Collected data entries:
------------------------

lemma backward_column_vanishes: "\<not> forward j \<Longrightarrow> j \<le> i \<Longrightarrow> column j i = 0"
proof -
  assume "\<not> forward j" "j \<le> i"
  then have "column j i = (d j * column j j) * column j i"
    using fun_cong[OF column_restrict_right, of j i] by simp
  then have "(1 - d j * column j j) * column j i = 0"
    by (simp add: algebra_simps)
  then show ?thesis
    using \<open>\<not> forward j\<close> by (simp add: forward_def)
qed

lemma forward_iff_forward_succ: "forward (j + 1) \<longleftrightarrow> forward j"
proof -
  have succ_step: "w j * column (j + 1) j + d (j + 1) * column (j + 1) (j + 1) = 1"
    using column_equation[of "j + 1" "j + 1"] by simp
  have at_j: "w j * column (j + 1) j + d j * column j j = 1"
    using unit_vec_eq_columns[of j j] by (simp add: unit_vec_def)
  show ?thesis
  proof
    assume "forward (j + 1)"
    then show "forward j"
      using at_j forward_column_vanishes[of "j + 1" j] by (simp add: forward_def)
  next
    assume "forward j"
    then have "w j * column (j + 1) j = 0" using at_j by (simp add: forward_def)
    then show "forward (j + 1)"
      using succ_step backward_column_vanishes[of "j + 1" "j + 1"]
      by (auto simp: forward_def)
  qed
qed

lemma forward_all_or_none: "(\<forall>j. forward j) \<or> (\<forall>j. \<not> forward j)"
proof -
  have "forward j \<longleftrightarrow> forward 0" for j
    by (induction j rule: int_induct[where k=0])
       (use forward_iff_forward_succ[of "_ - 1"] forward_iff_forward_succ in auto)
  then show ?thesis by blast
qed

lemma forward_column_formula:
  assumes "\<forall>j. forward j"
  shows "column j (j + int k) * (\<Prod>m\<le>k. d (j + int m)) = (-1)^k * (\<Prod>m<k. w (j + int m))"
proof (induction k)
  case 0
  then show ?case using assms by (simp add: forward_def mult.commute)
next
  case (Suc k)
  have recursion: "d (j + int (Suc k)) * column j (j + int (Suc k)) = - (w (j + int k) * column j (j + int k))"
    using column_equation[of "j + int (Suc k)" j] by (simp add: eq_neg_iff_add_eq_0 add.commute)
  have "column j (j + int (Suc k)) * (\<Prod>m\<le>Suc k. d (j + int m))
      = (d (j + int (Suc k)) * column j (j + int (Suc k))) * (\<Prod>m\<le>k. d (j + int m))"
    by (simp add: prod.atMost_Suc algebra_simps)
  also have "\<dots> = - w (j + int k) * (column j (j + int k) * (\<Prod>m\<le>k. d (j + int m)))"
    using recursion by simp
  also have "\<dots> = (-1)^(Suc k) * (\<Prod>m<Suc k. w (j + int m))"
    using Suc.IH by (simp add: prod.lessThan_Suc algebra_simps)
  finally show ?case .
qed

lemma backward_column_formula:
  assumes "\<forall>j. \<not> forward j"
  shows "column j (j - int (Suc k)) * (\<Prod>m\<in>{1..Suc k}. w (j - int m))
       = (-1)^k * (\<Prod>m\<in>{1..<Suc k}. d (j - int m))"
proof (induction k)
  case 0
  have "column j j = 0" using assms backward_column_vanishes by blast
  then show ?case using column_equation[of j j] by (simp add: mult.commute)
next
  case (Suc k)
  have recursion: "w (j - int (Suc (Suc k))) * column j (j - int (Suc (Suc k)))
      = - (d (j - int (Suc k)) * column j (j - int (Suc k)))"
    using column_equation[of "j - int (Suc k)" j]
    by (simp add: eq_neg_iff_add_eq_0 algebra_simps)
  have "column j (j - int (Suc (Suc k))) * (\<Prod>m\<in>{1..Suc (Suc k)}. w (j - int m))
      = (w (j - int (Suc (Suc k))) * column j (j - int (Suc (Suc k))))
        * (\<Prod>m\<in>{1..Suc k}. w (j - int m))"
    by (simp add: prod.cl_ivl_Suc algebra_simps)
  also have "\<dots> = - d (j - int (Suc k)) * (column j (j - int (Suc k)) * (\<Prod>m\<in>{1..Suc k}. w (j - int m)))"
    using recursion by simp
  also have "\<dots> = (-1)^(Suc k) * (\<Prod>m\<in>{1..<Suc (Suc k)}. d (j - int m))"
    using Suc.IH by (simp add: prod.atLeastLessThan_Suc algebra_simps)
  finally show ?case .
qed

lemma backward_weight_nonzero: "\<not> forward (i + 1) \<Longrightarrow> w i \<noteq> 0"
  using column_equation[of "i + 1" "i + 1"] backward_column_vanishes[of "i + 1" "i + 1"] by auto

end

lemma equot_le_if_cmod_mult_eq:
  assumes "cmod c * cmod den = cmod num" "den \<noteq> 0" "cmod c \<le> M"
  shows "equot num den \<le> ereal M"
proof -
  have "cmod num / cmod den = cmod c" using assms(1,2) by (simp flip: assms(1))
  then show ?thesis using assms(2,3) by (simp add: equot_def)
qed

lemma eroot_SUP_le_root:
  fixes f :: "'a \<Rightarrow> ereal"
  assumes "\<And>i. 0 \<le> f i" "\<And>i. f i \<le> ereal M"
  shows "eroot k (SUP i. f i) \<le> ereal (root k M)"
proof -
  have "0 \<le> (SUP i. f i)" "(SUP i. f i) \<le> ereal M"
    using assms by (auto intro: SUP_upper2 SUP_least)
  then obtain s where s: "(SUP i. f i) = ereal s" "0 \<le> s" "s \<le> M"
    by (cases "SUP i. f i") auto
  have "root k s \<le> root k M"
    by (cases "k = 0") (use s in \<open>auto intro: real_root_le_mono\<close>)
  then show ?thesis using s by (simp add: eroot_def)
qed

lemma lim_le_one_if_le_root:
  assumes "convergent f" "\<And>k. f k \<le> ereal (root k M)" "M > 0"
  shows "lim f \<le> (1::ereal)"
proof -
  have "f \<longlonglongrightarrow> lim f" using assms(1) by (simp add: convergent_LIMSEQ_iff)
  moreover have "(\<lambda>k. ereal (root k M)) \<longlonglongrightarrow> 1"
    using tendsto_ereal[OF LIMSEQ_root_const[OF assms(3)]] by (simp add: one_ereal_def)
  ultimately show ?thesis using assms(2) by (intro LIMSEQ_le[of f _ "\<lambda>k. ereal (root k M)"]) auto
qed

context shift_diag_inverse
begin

------------------------

- [Task]
Wherever a line of the data holds "recursion", copy that line.

- [Task solution]
  have recursion: "d (j + int (Suc k)) * column j (j + int (Suc k)) = - (w (j + int k) * column j (j + int k))"
    using recursion by simp
  have recursion: "w (j - int (Suc (Suc k))) * column j (j - int (Suc (Suc k)))
    using recursion by simp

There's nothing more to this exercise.